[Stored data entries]

=== Begin Enclosure ===

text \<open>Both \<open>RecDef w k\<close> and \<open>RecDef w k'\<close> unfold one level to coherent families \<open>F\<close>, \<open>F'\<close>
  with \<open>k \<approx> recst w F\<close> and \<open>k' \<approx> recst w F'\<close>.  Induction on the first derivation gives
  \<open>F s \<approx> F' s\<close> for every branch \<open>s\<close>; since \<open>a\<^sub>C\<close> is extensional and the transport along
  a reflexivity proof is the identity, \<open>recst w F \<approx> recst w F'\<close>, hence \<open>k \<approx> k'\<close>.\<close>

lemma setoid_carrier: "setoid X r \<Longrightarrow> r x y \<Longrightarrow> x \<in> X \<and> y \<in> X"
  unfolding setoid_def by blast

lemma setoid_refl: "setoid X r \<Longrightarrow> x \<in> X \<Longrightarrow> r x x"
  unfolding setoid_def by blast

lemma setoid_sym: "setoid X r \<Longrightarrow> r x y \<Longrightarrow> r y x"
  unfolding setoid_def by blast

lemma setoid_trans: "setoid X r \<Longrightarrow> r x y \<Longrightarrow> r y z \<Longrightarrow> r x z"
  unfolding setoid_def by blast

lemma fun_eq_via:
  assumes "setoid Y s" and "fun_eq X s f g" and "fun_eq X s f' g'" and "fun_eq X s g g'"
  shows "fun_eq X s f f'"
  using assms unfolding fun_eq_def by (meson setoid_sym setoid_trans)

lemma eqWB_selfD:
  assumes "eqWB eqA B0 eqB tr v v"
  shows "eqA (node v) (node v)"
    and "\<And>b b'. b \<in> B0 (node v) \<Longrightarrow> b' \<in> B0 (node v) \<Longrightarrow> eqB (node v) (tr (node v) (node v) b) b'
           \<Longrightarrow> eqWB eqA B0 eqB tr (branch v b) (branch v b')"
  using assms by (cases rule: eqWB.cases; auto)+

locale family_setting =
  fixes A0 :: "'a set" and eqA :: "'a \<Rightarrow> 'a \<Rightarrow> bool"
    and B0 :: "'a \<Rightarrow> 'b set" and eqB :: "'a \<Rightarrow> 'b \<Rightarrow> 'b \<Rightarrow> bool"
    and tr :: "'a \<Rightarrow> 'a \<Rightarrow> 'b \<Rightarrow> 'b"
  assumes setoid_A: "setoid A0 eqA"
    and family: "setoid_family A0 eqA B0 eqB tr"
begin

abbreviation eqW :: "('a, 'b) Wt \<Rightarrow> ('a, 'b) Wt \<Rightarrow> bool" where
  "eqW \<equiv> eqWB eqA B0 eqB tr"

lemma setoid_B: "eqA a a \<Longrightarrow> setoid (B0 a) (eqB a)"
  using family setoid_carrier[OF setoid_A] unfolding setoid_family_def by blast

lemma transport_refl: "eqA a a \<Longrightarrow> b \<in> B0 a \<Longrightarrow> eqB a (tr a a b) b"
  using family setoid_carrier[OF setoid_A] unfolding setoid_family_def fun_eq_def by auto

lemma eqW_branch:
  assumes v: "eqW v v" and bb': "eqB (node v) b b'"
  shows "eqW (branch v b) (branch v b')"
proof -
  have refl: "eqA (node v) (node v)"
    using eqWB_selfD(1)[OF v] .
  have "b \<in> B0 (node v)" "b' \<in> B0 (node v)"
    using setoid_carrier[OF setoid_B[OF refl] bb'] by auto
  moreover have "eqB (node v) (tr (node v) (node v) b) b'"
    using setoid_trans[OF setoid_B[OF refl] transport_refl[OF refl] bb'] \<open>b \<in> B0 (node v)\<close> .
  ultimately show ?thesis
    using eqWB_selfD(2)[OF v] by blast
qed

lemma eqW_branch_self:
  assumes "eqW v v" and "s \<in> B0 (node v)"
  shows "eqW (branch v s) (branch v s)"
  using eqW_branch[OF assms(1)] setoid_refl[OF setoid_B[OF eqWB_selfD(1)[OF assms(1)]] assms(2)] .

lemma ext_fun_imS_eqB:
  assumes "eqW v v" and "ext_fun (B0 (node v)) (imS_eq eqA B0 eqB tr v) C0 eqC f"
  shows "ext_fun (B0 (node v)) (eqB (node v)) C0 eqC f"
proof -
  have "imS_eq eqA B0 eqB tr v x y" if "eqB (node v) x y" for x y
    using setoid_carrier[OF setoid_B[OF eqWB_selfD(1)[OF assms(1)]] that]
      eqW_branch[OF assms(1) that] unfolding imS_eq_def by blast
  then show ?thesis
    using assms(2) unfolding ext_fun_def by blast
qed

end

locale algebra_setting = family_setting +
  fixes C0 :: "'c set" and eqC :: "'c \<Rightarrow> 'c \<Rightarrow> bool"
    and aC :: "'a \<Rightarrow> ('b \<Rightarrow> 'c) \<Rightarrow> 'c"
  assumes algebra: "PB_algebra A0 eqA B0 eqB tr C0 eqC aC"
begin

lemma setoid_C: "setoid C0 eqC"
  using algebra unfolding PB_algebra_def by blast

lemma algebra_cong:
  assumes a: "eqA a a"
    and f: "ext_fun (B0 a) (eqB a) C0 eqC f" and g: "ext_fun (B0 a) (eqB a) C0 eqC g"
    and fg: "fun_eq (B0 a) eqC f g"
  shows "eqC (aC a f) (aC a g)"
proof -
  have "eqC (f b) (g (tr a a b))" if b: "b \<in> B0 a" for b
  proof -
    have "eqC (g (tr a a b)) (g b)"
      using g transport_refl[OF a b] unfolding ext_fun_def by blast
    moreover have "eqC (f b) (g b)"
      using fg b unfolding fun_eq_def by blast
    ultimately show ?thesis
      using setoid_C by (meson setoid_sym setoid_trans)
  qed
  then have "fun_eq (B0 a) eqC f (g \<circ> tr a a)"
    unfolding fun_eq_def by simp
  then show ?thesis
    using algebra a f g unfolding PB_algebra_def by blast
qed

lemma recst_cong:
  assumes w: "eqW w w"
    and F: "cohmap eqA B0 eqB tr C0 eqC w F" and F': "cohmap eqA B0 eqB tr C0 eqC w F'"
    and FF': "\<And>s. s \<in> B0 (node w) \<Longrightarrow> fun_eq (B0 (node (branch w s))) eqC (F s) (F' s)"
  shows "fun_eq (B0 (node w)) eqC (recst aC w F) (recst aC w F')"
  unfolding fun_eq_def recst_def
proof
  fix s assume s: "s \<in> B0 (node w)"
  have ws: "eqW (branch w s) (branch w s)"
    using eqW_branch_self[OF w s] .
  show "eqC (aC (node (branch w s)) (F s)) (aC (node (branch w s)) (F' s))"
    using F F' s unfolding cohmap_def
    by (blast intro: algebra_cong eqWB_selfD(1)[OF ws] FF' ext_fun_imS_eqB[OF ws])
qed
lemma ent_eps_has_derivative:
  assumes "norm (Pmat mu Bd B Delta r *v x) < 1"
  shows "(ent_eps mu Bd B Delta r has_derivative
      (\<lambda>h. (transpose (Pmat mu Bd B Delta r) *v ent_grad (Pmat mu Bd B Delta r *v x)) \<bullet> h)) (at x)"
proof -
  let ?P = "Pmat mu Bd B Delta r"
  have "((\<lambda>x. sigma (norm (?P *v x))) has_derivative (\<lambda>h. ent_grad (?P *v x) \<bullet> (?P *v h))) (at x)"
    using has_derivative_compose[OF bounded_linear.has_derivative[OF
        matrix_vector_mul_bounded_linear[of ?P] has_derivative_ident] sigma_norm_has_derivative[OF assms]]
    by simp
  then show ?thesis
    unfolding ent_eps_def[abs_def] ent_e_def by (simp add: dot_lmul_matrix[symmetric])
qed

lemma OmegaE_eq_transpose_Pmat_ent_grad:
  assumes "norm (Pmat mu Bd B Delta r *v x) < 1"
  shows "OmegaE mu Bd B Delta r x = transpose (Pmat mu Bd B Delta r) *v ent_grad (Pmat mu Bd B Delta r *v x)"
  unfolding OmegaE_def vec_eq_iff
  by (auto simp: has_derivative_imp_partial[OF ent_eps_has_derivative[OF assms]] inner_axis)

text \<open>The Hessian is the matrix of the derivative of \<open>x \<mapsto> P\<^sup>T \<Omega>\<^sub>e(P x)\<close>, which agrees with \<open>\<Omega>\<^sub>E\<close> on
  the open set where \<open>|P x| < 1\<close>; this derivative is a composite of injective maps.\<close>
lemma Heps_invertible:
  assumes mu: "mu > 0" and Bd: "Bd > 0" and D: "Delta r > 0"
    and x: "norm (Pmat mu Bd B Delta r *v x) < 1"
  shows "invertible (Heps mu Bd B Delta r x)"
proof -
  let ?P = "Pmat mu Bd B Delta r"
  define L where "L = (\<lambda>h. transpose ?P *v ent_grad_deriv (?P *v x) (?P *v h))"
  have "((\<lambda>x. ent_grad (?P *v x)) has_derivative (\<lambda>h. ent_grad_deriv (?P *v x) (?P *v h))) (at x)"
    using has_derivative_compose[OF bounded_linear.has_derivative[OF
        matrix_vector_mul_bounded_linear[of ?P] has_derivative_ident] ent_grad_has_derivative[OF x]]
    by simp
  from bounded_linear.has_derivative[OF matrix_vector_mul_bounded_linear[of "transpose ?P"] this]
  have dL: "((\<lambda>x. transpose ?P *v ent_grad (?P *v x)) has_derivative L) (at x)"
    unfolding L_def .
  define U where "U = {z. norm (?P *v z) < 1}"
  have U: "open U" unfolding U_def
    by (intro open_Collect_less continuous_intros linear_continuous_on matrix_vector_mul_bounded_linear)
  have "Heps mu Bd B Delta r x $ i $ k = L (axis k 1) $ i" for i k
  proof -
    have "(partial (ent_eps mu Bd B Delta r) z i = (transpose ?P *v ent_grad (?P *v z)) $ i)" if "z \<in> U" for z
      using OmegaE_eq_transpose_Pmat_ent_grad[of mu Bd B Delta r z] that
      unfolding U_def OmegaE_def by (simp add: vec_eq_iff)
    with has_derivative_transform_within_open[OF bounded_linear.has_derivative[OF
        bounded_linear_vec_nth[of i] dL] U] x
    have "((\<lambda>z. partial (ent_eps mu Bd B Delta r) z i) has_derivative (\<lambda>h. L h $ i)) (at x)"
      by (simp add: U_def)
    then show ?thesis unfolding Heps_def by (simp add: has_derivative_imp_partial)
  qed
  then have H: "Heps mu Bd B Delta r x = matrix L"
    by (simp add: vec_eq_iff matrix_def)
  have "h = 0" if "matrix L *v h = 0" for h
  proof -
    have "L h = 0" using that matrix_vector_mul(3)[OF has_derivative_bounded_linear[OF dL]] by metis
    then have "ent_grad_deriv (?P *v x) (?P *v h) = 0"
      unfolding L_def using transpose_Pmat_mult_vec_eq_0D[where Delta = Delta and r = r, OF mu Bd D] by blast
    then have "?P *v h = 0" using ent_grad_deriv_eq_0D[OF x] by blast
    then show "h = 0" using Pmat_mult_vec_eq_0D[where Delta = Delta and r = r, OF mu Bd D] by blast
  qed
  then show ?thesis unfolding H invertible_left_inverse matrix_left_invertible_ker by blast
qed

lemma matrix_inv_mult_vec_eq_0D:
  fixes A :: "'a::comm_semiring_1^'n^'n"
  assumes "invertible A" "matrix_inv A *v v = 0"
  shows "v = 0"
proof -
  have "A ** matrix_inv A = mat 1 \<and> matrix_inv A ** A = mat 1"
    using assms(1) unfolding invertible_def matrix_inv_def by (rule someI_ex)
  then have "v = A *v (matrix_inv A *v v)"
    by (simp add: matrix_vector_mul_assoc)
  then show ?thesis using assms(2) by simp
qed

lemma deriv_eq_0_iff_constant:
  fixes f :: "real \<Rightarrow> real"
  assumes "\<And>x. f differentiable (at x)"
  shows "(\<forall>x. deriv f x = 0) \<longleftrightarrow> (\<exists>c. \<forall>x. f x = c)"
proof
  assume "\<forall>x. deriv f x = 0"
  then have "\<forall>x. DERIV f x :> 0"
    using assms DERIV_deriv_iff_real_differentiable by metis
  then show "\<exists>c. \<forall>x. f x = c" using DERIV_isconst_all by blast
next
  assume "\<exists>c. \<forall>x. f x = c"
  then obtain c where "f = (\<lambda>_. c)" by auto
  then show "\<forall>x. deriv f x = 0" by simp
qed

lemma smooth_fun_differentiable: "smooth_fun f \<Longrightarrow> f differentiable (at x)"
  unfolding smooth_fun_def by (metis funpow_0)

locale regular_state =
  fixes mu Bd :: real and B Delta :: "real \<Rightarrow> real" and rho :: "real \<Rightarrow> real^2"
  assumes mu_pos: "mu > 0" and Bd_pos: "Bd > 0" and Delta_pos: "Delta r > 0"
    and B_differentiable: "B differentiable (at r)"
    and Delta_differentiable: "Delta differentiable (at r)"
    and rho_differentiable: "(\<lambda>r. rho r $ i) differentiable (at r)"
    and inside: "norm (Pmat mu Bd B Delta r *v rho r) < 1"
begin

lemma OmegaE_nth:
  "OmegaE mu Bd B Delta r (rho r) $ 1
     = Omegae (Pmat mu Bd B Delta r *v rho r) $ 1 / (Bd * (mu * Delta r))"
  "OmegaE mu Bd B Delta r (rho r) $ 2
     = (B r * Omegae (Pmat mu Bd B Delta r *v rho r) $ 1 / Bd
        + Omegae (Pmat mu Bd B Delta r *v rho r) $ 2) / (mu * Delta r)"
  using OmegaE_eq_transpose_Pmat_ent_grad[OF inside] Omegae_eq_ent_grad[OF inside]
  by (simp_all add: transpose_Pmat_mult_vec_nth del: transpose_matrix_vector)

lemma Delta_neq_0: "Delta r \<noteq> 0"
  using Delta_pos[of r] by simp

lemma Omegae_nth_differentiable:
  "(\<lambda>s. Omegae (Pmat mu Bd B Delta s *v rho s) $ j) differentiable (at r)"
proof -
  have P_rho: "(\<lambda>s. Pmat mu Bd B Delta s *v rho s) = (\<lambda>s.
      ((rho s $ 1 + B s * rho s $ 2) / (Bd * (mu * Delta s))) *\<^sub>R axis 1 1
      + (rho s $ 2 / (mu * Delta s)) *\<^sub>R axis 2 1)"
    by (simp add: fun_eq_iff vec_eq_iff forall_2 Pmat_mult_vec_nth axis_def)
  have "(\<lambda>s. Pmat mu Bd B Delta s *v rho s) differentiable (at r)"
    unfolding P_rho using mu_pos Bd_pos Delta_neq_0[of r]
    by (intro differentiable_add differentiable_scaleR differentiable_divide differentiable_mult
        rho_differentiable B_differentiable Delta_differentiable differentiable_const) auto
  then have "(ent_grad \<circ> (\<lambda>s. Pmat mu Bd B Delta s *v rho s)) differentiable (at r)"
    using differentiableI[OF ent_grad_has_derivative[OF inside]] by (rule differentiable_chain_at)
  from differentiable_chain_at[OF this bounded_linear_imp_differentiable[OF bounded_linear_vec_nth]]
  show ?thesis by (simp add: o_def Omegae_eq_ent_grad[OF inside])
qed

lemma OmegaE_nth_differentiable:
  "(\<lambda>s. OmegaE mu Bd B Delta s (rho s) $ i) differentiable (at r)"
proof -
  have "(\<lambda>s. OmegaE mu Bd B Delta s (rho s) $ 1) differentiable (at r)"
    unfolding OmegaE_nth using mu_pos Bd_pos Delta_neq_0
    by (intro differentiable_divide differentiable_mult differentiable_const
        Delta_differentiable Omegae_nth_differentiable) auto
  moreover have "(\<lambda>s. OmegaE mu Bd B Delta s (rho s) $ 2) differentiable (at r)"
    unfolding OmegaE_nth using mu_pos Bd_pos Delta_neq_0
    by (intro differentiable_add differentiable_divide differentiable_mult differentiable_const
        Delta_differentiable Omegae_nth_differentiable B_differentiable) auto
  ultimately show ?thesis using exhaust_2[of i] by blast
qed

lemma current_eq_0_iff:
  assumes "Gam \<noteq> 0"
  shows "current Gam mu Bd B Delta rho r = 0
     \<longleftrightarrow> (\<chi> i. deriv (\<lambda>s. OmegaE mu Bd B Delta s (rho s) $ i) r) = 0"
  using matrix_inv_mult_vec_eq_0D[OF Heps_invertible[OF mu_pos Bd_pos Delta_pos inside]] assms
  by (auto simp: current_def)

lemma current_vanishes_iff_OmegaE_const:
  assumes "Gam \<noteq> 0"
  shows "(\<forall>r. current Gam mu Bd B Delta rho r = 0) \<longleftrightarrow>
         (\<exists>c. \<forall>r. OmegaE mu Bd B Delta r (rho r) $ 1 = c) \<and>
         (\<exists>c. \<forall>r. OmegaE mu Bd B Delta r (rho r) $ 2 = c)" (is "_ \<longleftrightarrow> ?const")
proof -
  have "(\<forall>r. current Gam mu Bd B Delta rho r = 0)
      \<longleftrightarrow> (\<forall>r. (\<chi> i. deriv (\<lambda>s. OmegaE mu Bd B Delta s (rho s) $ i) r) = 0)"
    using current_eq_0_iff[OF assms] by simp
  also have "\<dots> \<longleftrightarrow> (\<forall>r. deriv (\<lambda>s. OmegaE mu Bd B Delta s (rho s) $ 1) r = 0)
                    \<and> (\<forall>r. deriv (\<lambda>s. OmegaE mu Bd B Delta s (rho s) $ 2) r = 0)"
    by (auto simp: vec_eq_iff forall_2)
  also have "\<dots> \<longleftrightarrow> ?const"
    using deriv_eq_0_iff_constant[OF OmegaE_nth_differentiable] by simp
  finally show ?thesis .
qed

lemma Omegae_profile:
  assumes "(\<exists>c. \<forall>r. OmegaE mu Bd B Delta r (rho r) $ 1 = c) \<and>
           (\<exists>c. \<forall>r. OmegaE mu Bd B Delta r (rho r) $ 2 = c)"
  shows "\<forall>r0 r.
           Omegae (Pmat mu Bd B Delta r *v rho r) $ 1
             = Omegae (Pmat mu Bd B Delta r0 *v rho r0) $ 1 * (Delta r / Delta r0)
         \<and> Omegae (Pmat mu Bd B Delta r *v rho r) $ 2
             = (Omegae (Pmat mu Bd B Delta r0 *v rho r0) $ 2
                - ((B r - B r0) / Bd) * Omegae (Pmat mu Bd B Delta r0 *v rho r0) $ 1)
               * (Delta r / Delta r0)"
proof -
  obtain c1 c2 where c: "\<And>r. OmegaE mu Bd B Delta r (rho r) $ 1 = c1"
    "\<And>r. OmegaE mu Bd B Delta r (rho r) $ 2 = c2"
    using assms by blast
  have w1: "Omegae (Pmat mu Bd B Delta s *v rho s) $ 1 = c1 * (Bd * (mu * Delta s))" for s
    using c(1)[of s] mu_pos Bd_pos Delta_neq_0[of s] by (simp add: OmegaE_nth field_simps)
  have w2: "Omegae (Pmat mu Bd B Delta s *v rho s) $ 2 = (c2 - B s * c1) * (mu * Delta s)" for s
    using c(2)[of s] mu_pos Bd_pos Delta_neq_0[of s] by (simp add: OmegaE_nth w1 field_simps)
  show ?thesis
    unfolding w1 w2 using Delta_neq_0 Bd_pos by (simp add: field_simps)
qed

=== End Enclosure ===

Give the lines again, exactly as they stand, from the beginning of the data through the line with "a \<Longrightarrow> b".

text \<open>Both \<open>RecDef w k\<close> and \<open>RecDef w k'\<close> unfold one level to coherent families \<open>F\<close>, \<open>F'\<close>
  with \<open>k \<approx> recst w F\<close> and \<open>k' \<approx> recst w F'\<close>.  Induction on the first derivation gives
  \<open>F s \<approx> F' s\<close> for every branch \<open>s\<close>; since \<open>a\<^sub>C\<close> is extensional and the transport along
  a reflexivity proof is the identity, \<open>recst w F \<approx> recst w F'\<close>, hence \<open>k \<approx> k'\<close>.\<close>

lemma setoid_carrier: "setoid X r \<Longrightarrow> r x y \<Longrightarrow> x \<in> X \<and> y \<in> X"
  unfolding setoid_def by blast

lemma setoid_refl: "setoid X r \<Longrightarrow> x \<in> X \<Longrightarrow> r x x"
  unfolding setoid_def by blast

lemma setoid_sym: "setoid X r \<Longrightarrow> r x y \<Longrightarrow> r y x"
  unfolding setoid_def by blast

lemma setoid_trans: "setoid X r \<Longrightarrow> r x y \<Longrightarrow> r y z \<Longrightarrow> r x z"
  unfolding setoid_def by blast

lemma fun_eq_via:
  assumes "setoid Y s" and "fun_eq X s f g" and "fun_eq X s f' g'" and "fun_eq X s g g'"
  shows "fun_eq X s f f'"
  using assms unfolding fun_eq_def by (meson setoid_sym setoid_trans)

lemma eqWB_selfD:
  assumes "eqWB eqA B0 eqB tr v v"
  shows "eqA (node v) (node v)"
    and "\<And>b b'. b \<in> B0 (node v) \<Longrightarrow> b' \<in> B0 (node v) \<Longrightarrow> eqB (node v) (tr (node v) (node v) b) b'
           \<Longrightarrow> eqWB eqA B0 eqB tr (branch v b) (branch v b')"
  using assms by (cases rule: eqWB.cases; auto)+

locale family_setting =
  fixes A0 :: "'a set" and eqA :: "'a \<Rightarrow> 'a \<Rightarrow> bool"
    and B0 :: "'a \<Rightarrow> 'b set" and eqB :: "'a \<Rightarrow> 'b \<Rightarrow> 'b \<Rightarrow> bool"
    and tr :: "'a \<Rightarrow> 'a \<Rightarrow> 'b \<Rightarrow> 'b"
  assumes setoid_A: "setoid A0 eqA"
    and family: "setoid_family A0 eqA B0 eqB tr"
begin

abbreviation eqW :: "('a, 'b) Wt \<Rightarrow> ('a, 'b) Wt \<Rightarrow> bool" where
  "eqW \<equiv> eqWB eqA B0 eqB tr"

lemma setoid_B: "eqA a a \<Longrightarrow> setoid (B0 a) (eqB a)"
  using family setoid_carrier[OF setoid_A] unfolding setoid_family_def by blast

lemma transport_refl: "eqA a a \<Longrightarrow> b \<in> B0 a \<Longrightarrow> eqB a (tr a a b) b"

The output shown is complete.